Hemolytic-uremic syndrome (HUS) consists of microangiopathic hemolytic anemia, thrombocytopenia and acute, potentially fatal, kidney failure. As the name suggests, this is a syndrome and not a disease, meaning that its etiology is diverse, and causes of HUS can include postmedication reactions, pregnancy, antiphospholipid syndrome, systemic lupus erythematosus, genetic factors such as complement genes mutation, antibodies to complement factor H, or infection with HIV or bacteria such as Escherichia coli, Shigella dysenteriae or Streptococcus pneumoniae. In an important number of cases, however, particular strains of E. coli appear to be the causative agents of HUS, especially in children. HUS develops in association or not with a previous bloody diarrhea syndrome. Enterohemorrhagic E. coli (EHEC) has the capacity to induce lesions in human enterocytes through mechanisms of attachment/effacement (A/E) and through synthesis of Shiga-like toxins 1 and 2. The A/E genes are located in a pathogenic chromosomal island called LEE (locus of enterocyte effacement), which codes for secretory proteins and systems, as well as  intimin and its translocated receptor, Tir. Intimin is expressed on the outer membrane of E. coli and plays a major role in attachment to human enterocytes, through its specific interaction with Tir, a receptor synthetized by E. coli and translocated by the bacteria directly into host membrane cells.1,2 E. coli O157:H7 is considered to be the main E. coli serotype involved in HUS; it
associates destruction of apical microvilli of the intestinal epithelial cells, skeleton rearrangements, and tight attachment of bacteria to enterocytes, followed by invasion and disease.
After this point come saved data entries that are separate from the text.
(* Let $a<b$ be real numbers and let $f:[a,b]\to\mathbb{R}$ be an increasing function which is either convex or concave on $[a,b]$. Then for every integer $n\ge1$, $$A_{n+1}\le A_n\qquad\text{and}\qquad B_n\le B_{n+1}.$$
   Context: For a function $f:[a,b]\to\mathbb{R}$ and integers $n\ge1$, put $x_i^{(n)}=a+i\frac{b-a}{n}$ for $i=0,1,\dots,n$, and define the Riemann sums $$A_n=\frac{b-a}{n}\sum_{i=1}^{n} f\big(x_i^{(n)}\big),\qquad B_n=\frac{b-a}{n}\sum_{i=0}^{n-1} f\big(x_i^{(n)}\big).$$ *)

theory Defs
  imports "HOL-Analysis.Analysis"
begin

definition riemann_node :: "real \<Rightarrow> real \<Rightarrow> nat \<Rightarrow> nat \<Rightarrow> real" where
  "riemann_node a b n i = a + real i * (b - a) / real n"

definition riemann_A :: "(real \<Rightarrow> real) \<Rightarrow> real \<Rightarrow> real \<Rightarrow> nat \<Rightarrow> real" where
  "riemann_A f a b n = (b - a) / real n * (\<Sum>i=1..n. f (riemann_node a b n i))"

definition riemann_B :: "(real \<Rightarrow> real) \<Rightarrow> real \<Rightarrow> real \<Rightarrow> nat \<Rightarrow> real" where
  "riemann_B f a b n = (b - a) / real n * (\<Sum>i=0..<n. f (riemann_node a b n i))"

end

theory Submission
  imports Defs
begin

(* Write x_i = a + i(b-a)/n for the nodes of mesh n and y_i for those of mesh n+1.
   Then A_{n+1} <= A_n amounts to n * S_{n+1} <= (n+1) * S_n, where S_n is the sum
   of f over x_1..x_n.  The nodes of the two meshes interlace:
     (n+1) y_{i+1} = (i+1) x_i + (n-i) x_{i+1}   and   n x_i = (n-i) y_i + i y_{i+1}.
   For convex f the first identity and Jensen's inequality bound each f(y_{i+1});
   for concave f the second bounds each f(x_i).  Summing these weighted two-point
   inequalities (an Abel-type regrouping of adjacent terms) and using the
   monotonicity bounds  n f(a) <= S_n <= n f(b)  yields the claim for A_n.
   The claim for B_n follows by the reflection g(x) = -f(a+b-x): g is again
   increasing, it is convex exactly when f is concave, and B_n(f) = -A_n(g). *)

lemma riemann_node_in_interval:
  assumes "a \<le> b" "i \<le> n"
  shows "riemann_node a b n i \<in> {a..b}"
proof -
  have "real i * (b - a) \<le> real n * (b - a)"
    using assms by (intro mult_right_mono) auto
  then have "real i * (b - a) / real n \<le> b - a"
    using assms by (cases "n = 0") (auto simp: divide_le_eq mult.commute)
  then show ?thesis
    using assms by (simp add: riemann_node_def)
qed

lemma riemann_node_0 [simp]: "riemann_node a b n 0 = a"
  by (simp add: riemann_node_def)

lemma riemann_node_last: "n \<ge> 1 \<Longrightarrow> riemann_node a b n n = b"
  by (simp add: riemann_node_def)

lemma riemann_node_refine:
  assumes "n \<ge> 1"
  shows "real (n + 1) * riemann_node a b (n + 1) (Suc i)
       = real (Suc i) * riemann_node a b n i + (real n - real i) * riemann_node a b n (Suc i)"
  using assms unfolding riemann_node_def by (simp add: divide_simps) algebra

lemma riemann_node_coarsen:
  assumes "n \<ge> 1"
  shows "real n * riemann_node a b n i
       = (real n - real i) * riemann_node a b (n + 1) i + real i * riemann_node a b (n + 1) (Suc i)"
  using assms unfolding riemann_node_def by (simp add: divide_simps) algebra

lemma convex_on_weighted_two_points:
  fixes f :: "real \<Rightarrow> real"
  assumes "convex_on S f" "x \<in> S" "y \<in> S" "p \<ge> 0" "q \<ge> 0" "p + q > 0"
  shows "(p + q) * f ((p * x + q * y) / (p + q)) \<le> p * f x + q * f y"
proof -
  define u v where "u = p / (p + q)" and "v = q / (p + q)"
  have "u \<ge> 0" "v \<ge> 0" "u + v = 1"
    using assms by (simp_all add: u_def v_def add_divide_distrib [symmetric])
  then have "f (u * x + v * y) \<le> u * f x + v * f y"
    using assms(1-3) by (auto simp: convex_on_def)
  moreover have "u * x + v * y = (p * x + q * y) / (p + q)"
    by (simp add: u_def v_def add_divide_distrib)
  ultimately have "(p + q) * f ((p * x + q * y) / (p + q)) \<le> (p + q) * (u * f x + v * f y)"
    using assms(6) by simp
  also have "\<dots> = ((p + q) * u) * f x + ((p + q) * v) * f y"
    by (simp add: algebra_simps)
  also have "\<dots> = p * f x + q * f y"
    using assms(6) by (simp add: u_def v_def)
  finally show ?thesis .
qed

lemma concave_on_weighted_two_points:
  fixes f :: "real \<Rightarrow> real"
  assumes "concave_on S f" "x \<in> S" "y \<in> S" "p \<ge> 0" "q \<ge> 0" "p + q > 0"
  shows "p * f x + q * f y \<le> (p + q) * f ((p * x + q * y) / (p + q))"
proof -
  have "convex_on S (\<lambda>x. - f x)"
    using assms(1) by (simp add: concave_on_def)
  from convex_on_weighted_two_points [OF this assms(2-6)] show ?thesis
    by simp
qed

lemma sum_adjacent_regroup:
  fixes p q u :: "nat \<Rightarrow> 'a :: comm_semiring_1"
  shows "(\<Sum>i=0..n. p i * u i + q i * u (Suc i))
       = p 0 * u 0 + (\<Sum>k=1..n. (p k + q (k - 1)) * u k) + q n * u (Suc n)"
proof (induction n)
  case 0
  then show ?case by simp
next
  case (Suc n)
  then show ?case
    by (simp add: algebra_simps)
qed

lemma right_sum_bounds:
  assumes "a \<le> b" "mono_on {a..b} f" "n \<ge> 1"
  shows "real n * f a \<le> (\<Sum>i=1..n. f (riemann_node a b n i))"
    and "(\<Sum>i=1..n. f (riemann_node a b n i)) \<le> real n * f b"
proof -
  have node: "riemann_node a b n i \<in> {a..b}" if "i \<in> {1..n}" for i
    using that assms(1) by (intro riemann_node_in_interval) auto
  have "(\<Sum>i=1..n. f a) \<le> (\<Sum>i=1..n. f (riemann_node a b n i))"
    using node assms(1) by (intro sum_mono mono_onD [OF assms(2)]) auto
  then show "real n * f a \<le> (\<Sum>i=1..n. f (riemann_node a b n i))"
    by simp
  have "(\<Sum>i=1..n. f (riemann_node a b n i)) \<le> (\<Sum>i=1..n. f b)"
    using node assms(1) by (intro sum_mono mono_onD [OF assms(2)]) auto
  then show "(\<Sum>i=1..n. f (riemann_node a b n i)) \<le> real n * f b"
    by simp
qed

text \<open>Convex case: bounding each value at a node of mesh \<open>n + 1\<close> by Jensen's
  inequality between the neighbouring nodes of mesh \<open>n\<close>, and summing, every
  interior node of mesh \<open>n\<close> receives total weight \<open>n + 2\<close>, the node \<open>a\<close> weight 1.\<close>

lemma right_sum_refine_convex:
  assumes "a \<le> b" "convex_on {a..b} f" "n \<ge> 1"
  shows "real (n + 1) * (\<Sum>i=1..n+1. f (riemann_node a b (n + 1) i))
       \<le> real (n + 2) * (\<Sum>i=1..n. f (riemann_node a b n i)) + f a"
proof -
  define F where "F i = f (riemann_node a b n i)" for i
  define G where "G i = f (riemann_node a b (n + 1) i)" for i
  define p :: "nat \<Rightarrow> real" where "p i = real (Suc i)" for i
  define q :: "nat \<Rightarrow> real" where "q i = real n - real i" for i
  have jensen: "real (n + 1) * G (Suc i) \<le> p i * F i + q i * F (Suc i)" if "i \<le> n" for i
  proof (cases "i = n")
    case True \<comment> \<open>both sides equal \<open>(n + 1) f(b)\<close>; Jensen would need the node beyond \<open>b\<close>\<close>
    then show ?thesis
      using assms(3) riemann_node_last [of n a b] riemann_node_last [of "n + 1" a b]
      by (simp add: F_def G_def p_def q_def)
  next
    case False
    then have "Suc i \<le> n"
      using that by simp
    have "p i + q i = real (n + 1)" "p i + q i > 0"
      by (simp_all add: p_def q_def)
    moreover have "riemann_node a b (n + 1) (Suc i)
        = (p i * riemann_node a b n i + q i * riemann_node a b n (Suc i)) / (p i + q i)"
      using riemann_node_refine [OF assms(3), of a b i] \<open>p i + q i = real (n + 1)\<close>
      by (simp add: p_def q_def field_simps)
    moreover have "p i \<ge> 0" "q i \<ge> 0"
      using that by (simp_all add: p_def q_def)
    ultimately show ?thesis
      using convex_on_weighted_two_points [OF assms(2), of "riemann_node a b n i"
          "riemann_node a b n (Suc i)" "p i" "q i"] riemann_node_in_interval [OF assms(1)]
        \<open>Suc i \<le> n\<close>
      unfolding F_def G_def by simp
  qed
  have "(\<Sum>i=1..n+1. G i) = (\<Sum>i=0..n. G (Suc i))"
    using sum.shift_bounds_cl_Suc_ivl [of G 0 n] by simp
  then have "real (n + 1) * (\<Sum>i=1..n+1. G i) = (\<Sum>i=0..n. real (n + 1) * G (Suc i))"
    by (simp add: sum_distrib_left)
  also have "\<dots> \<le> (\<Sum>i=0..n. p i * F i + q i * F (Suc i))"
    by (intro sum_mono jensen) simp
  also have "\<dots> = p 0 * F 0 + (\<Sum>k=1..n. (p k + q (k - 1)) * F k) + q n * F (Suc n)"
    by (rule sum_adjacent_regroup)
  also have "(\<Sum>k=1..n. (p k + q (k - 1)) * F k) = (\<Sum>k=1..n. real (n + 2) * F k)"
    by (intro sum.cong) (auto simp: p_def q_def of_nat_diff)
  finally show ?thesis
    by (simp add: F_def G_def p_def q_def sum_distrib_left)
qed

text \<open>Concave case: now each node of mesh \<open>n\<close> is a weighted average of the
  neighbouring nodes of mesh \<open>n + 1\<close>; after summing, every interior node of
  mesh \<open>n + 1\<close> receives weight \<open>n - 1\<close> and the endpoints weight \<open>n\<close>.\<close>

lemma right_sum_refine_concave:
  assumes "a \<le> b" "concave_on {a..b} f" "n \<ge> 1"
  shows "(real n - 1) * (\<Sum>i=1..n+1. f (riemann_node a b (n + 1) i)) + f b
       \<le> real n * (\<Sum>i=1..n. f (riemann_node a b n i))"
proof -
  define F where "F i = f (riemann_node a b n i)" for i
  define G where "G i = f (riemann_node a b (n + 1) i)" for i
  define p :: "nat \<Rightarrow> real" where "p i = real n - real i" for i
  define q :: "nat \<Rightarrow> real" where "q i = real i" for i
  have jensen: "p i * G i + q i * G (Suc i) \<le> real n * F i" if "i \<le> n" for i
  proof -
    have "p i + q i = real n" "p i + q i > 0"
      using assms(3) by (simp_all add: p_def q_def)
    moreover have "riemann_node a b n i
        = (p i * riemann_node a b (n + 1) i + q i * riemann_node a b (n + 1) (Suc i)) / (p i + q i)"
      using riemann_node_coarsen [OF assms(3), of a b i] \<open>p i + q i = real n\<close> assms(3)
      by (simp add: p_def q_def field_simps)
    moreover have "p i \<ge> 0" "q i \<ge> 0"
      using that by (simp_all add: p_def q_def)
    ultimately show ?thesis
      using concave_on_weighted_two_points [OF assms(2), of "riemann_node a b (n + 1) i"
          "riemann_node a b (n + 1) (Suc i)" "p i" "q i"] riemann_node_in_interval [OF assms(1)] that
      unfolding F_def G_def by simp
  qed
  have "p 0 * G 0 + (\<Sum>k=1..n. (p k + q (k - 1)) * G k) + q n * G (Suc n)
      = (\<Sum>i=0..n. p i * G i + q i * G (Suc i))"
    by (rule sum_adjacent_regroup [symmetric])
  also have "\<dots> \<le> (\<Sum>i=0..n. real n * F i)"
    by (intro sum_mono jensen) simp
  finally have "real n * f a + (\<Sum>k=1..n. (real n - 1) * G k) + real n * f b
      \<le> real n * f a + real n * (\<Sum>i=1..n. F i)"
    using riemann_node_last [of "n + 1" a b]
    by (simp add: F_def G_def p_def q_def of_nat_diff sum.atLeast_Suc_atMost sum_distrib_left)
  moreover have "(\<Sum>i=1..n+1. G i) = (\<Sum>i=1..n. G i) + f b"
    using riemann_node_last [of "n + 1" a b] by (simp add: G_def)
  moreover have "(\<Sum>k=1..n. (real n - 1) * G k) = (real n - 1) * (\<Sum>k=1..n. G k)"
    by (simp add: sum_distrib_left)
  ultimately have "(real n - 1) * (\<Sum>i=1..n+1. G i) + f b \<le> real n * (\<Sum>i=1..n. F i)"
    by (simp add: algebra_simps)
  then show ?thesis
    by (simp add: F_def G_def)
qed

lemma riemann_A_step_le:
  assumes "a < b" "n \<ge> 1"
    and "real n * (\<Sum>i=1..n+1. f (riemann_node a b (n + 1) i))
         \<le> real (n + 1) * (\<Sum>i=1..n. f (riemann_node a b n i))"
  shows "riemann_A f a b (n + 1) \<le> riemann_A f a b n"
proof -
  define S where "S = (\<Sum>i=1..n. f (riemann_node a b n i))"
  define S' where "S' = (\<Sum>i=1..n+1. f (riemann_node a b (n + 1) i))"
  define c where "c = (b - a) / (real n * real (n + 1))"
  have "c \<ge> 0"
    using assms(1) by (simp add: c_def)
  have "riemann_A f a b (n + 1) = c * (real n * S')"
    using assms(2) by (simp add: riemann_A_def S'_def c_def)
  also have "\<dots> \<le> c * (real (n + 1) * S)"
    using assms(3) \<open>c \<ge> 0\<close> by (intro mult_left_mono) (simp_all add: S_def S'_def)
  also have "\<dots> = riemann_A f a b n"
    by (simp add: riemann_A_def S_def c_def)
  finally show ?thesis .
qed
Other serotypes of E. coli that have been linked to HUS have been reported to be O111:H8, O103:H2, O121, O145, O26, O113, O104:H4.4.3 Apart from the A/E mechanisms, the production of bacteriophage-coded Shigalike toxins (Stx) by specific EHEC strains (STEC) may also be involved in the pathogenesis of HUS, although HUS can be classified into two main categories, with present or absent Stx.3 Stx-1 and Stx-2 bind to different epitopes on the target cells; because Stx-2 has a slower dissociation rate from the target cell, it may cause more severe disease than Stx-1.3 Apart from A/E coded in the LEE island and Shiga-like toxin production coded by Stx, additional virulence factors may contribute to the pathogenesis of E. coli infection.4 HUS may associate elements from the following clinical picture: bloody diarrhea, vomiting, abdominal cramps, fever, facial pallor, accompanied by signs of renal insufficiency such as pollakiuria, hematuria and edema, signs of thrombocytopenia such as bruising or bleeding, or signs of neurologic damage due to uremia translated through fatigue, confusion, obtundation or seizures.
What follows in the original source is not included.